Commercial and Regulatory Update
Eldon Mayer, Celcuity’s chief commercial officer, said the company is preparing for a potential launch of gedatolisib. He estimated that about 37,000 U.S. patients with HR-positive, HER2-negative advanced breast cancer receive second-line treatment each year after progression on CDK4/6 inhibitors, with roughly 60% PIK3CA wild type and 40% PIK3CA mutant.
Mayer said Celcuity estimates a $6 billion total served market opportunity across both PIK3CA wild-type and mutant patient populations. He said the company has completed payer engagements covering 90% of U.S. medical benefit lives and has built out its sales, medical affairs, distribution and patient support infrastructure.

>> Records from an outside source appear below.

lemma funpow_funpow: "(f ^^ m) ((f ^^ n) x) = (f ^^ (m + n)) x"
  by (simp add: funpow_add)

lemma funpow_image_subset:
  assumes "f ` S \<subseteq> S"
  shows "(f ^^ n) ` S \<subseteq> S"
  using assms by (induction n) auto

lemma funpow_bracket_hom:
  assumes "\<And>a b n. f (br a b n) = br (f a) (f b) n"
  shows "(f ^^ p) (br a b n) = br ((f ^^ p) a) ((f ^^ p) b) n"
  using assms by (induction p) simp_all

locale bihom_lie_conf_superalgebra =
  fixes smul :: "complex \<Rightarrow> 'a::ab_group_add \<Rightarrow> 'a"
    and d :: "'a \<Rightarrow> 'a"
    and R0 R1 :: "'a set"
    and br :: "'a \<Rightarrow> 'a \<Rightarrow> nat \<Rightarrow> 'a"
    and al be :: "'a \<Rightarrow> 'a"
  assumes bihom: "BiHomLieConfSuper smul d R0 R1 br al be"
begin

lemma
  shows vector_space: "vector_space smul"
    and d_linear: "Vector_Spaces.linear smul smul d"
    and R0_subspace: "module.subspace smul R0"
    and R1_subspace: "module.subspace smul R1"
    and grades_disjoint: "R0 \<inter> R1 = {0}"
    and grades_span: "\<exists>y\<in>R0. \<exists>z\<in>R1. x = y + z"
    and d_even: "d ` R0 \<subseteq> R0" "d ` R1 \<subseteq> R1"
    and al_linear: "Vector_Spaces.linear smul smul al"
    and be_linear: "Vector_Spaces.linear smul smul be"
    and al_be_commute: "al \<circ> be = be \<circ> al"
    and al_even: "al ` R0 \<subseteq> R0" "al ` R1 \<subseteq> R1"
    and be_even: "be ` R0 \<subseteq> R0" "be ` R1 \<subseteq> R1"
    and bracket_finite_support: "finite {n. br a b n \<noteq> 0}"
    and bracket_linear_left: "Vector_Spaces.linear smul smul (\<lambda>a. br a b n)"
    and bracket_linear_right: "Vector_Spaces.linear smul smul (\<lambda>b. br a b n)"
    and bracket_grade: "\<lbrakk>i < 2; j < 2; a \<in> grade R0 R1 i; b \<in> grade R0 R1 j\<rbrakk>
      \<Longrightarrow> br a b n \<in> grade R0 R1 (i + j)"
    and al_d_commute: "al \<circ> d = d \<circ> al"
    and be_d_commute: "be \<circ> d = d \<circ> be"
    and al_bracket: "al (br a b n) = br (al a) (al b) n"
    and be_bracket: "be (br a b n) = br (be a) (be b) n"
    and bracket_d_left: "br (d a) b n = - lam_mul (br a b) n"
    and bracket_d_right: "br a (d b) n = d (br a b n) + lam_mul (br a b) n"
    and skew_symmetry: "\<lbrakk>i < 2; j < 2; a \<in> grade R0 R1 i; b \<in> grade R0 R1 j\<rbrakk>
      \<Longrightarrow> br (be a) (al b) n = smul (- ((-1) ^ (i * j))) (subst_neg smul d (br (be b) (al a)) n)"
    and jacobi: "\<lbrakk>i < 2; j < 2; a \<in> grade R0 R1 i; b \<in> grade R0 R1 j\<rbrakk>
      \<Longrightarrow> br (al (be a)) (br b c m) n =
           (\<Sum>r\<le>n. smul (of_nat ((m + r) choose m)) (br (br (be a) b (n - r)) (be c) (m + r)))
           + smul ((-1) ^ (i * j)) (br (be b) (br (al a) c n) m)"
  by (insert bihom, unfold BiHomLieConfSuper_def) (elim conjE, (assumption | meson))+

Sullivan said Celcuity expects an FDA approval decision by its PDUFA date of July 17, 2026, for the VIKTORIA-1 PIK3CA wild-type cohort. He also said the company is targeting submission of a supplemental new drug application to the FDA in the third quarter and a marketing authorization application to the European Medicines Agency in the fourth quarter.
About Celcuity (NASDAQ:CELC)
Celcuity, Inc is a clinical-stage biotechnology company specializing in precision oncology diagnostics. The company develops and commercializes predictive biomarker assays designed to identify which patients are most likely to benefit from targeted cancer therapies. By integrating functional profiling of tumor cells with molecular analyses, Celcuity seeks to optimize treatment selection and improve outcomes for patients with solid tumors.
Celcuity’s proprietary platform evaluates tumor cell sensitivity to various therapeutic agents using ex vivo assays that measure DNA damage response and other critical pathways.